- _Provided entries_:
----------
lemma distr_GIG_log:
  assumes e: "0 < e" and R: "ereal c < L - ereal c" and lam: "L - ereal c = \<infinity> \<Longrightarrow> 0 < lam"
  shows "distr (GIG (e * lam) (exp (c / e) * alpha_eps L e) (exp (c / e))) borel (\<lambda>x. e * ln x)
    = law_prop (smoothed_trunc_exp lam c (L - ereal c) (1 / e))"
proof -
  have L: "L \<noteq> -\<infinity>" using R by auto
  have "GIG (e * lam) (exp (c / e) * alpha_eps L e) (exp (c / e))
      = law_prop (\<lambda>x. if 0 < x then smoothed_trunc_exp lam c (L - ereal c) (1 / e) (e * ln x) / x else 0)"
    unfolding GIG_def using GIG_density_log[OF e _ L] by (intro arg_cong[where f=law_prop] ext) auto
  moreover have "integrable lborel (smoothed_trunc_exp lam c (L - ereal c) (1 / e))"
    using e R lam by (intro integrable_smoothed_trunc_exp) auto
  ultimately show ?thesis
    using distr_law_prop_log[of e] e by (simp add: smoothed_trunc_exp_nonneg)
qed

lemma distr_Gam_log:
  assumes e: "0 < e" and lam: "0 < lam"
  shows "distr (Gam (e * lam) (exp (c / e))) borel (\<lambda>x. - e * ln x)
    = law_prop (smoothed_trunc_exp lam c \<infinity> (1 / e))"
proof -
  have "Gam (e * lam) (exp (c / e))
      = law_prop (\<lambda>x. if 0 < x then smoothed_trunc_exp lam c \<infinity> (1 / e) (- e * ln x) / x else 0)"
    unfolding Gam_def using Gam_density_log[OF e] by (intro arg_cong[where f=law_prop] ext) auto
  moreover have "integrable lborel (smoothed_trunc_exp lam c \<infinity> (1 / e))"
    using e lam by (intro integrable_smoothed_trunc_exp) auto
  ultimately show ?thesis
    using distr_law_prop_log[of "- e"] e by (simp add: smoothed_trunc_exp_nonneg)
qed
----------
Whenever the string "intro" shows up in a line above, copy that line.

- _Result for this task_:
    unfolding GIG_def using GIG_density_log[OF e _ L] by (intro arg_cong[where f=law_prop] ext) auto
    using e R lam by (intro integrable_smoothed_trunc_exp) auto
    unfolding Gam_def using Gam_density_log[OF e] by (intro arg_cong[where f=law_prop] ext) auto
    using e lam by (intro integrable_smoothed_trunc_exp) auto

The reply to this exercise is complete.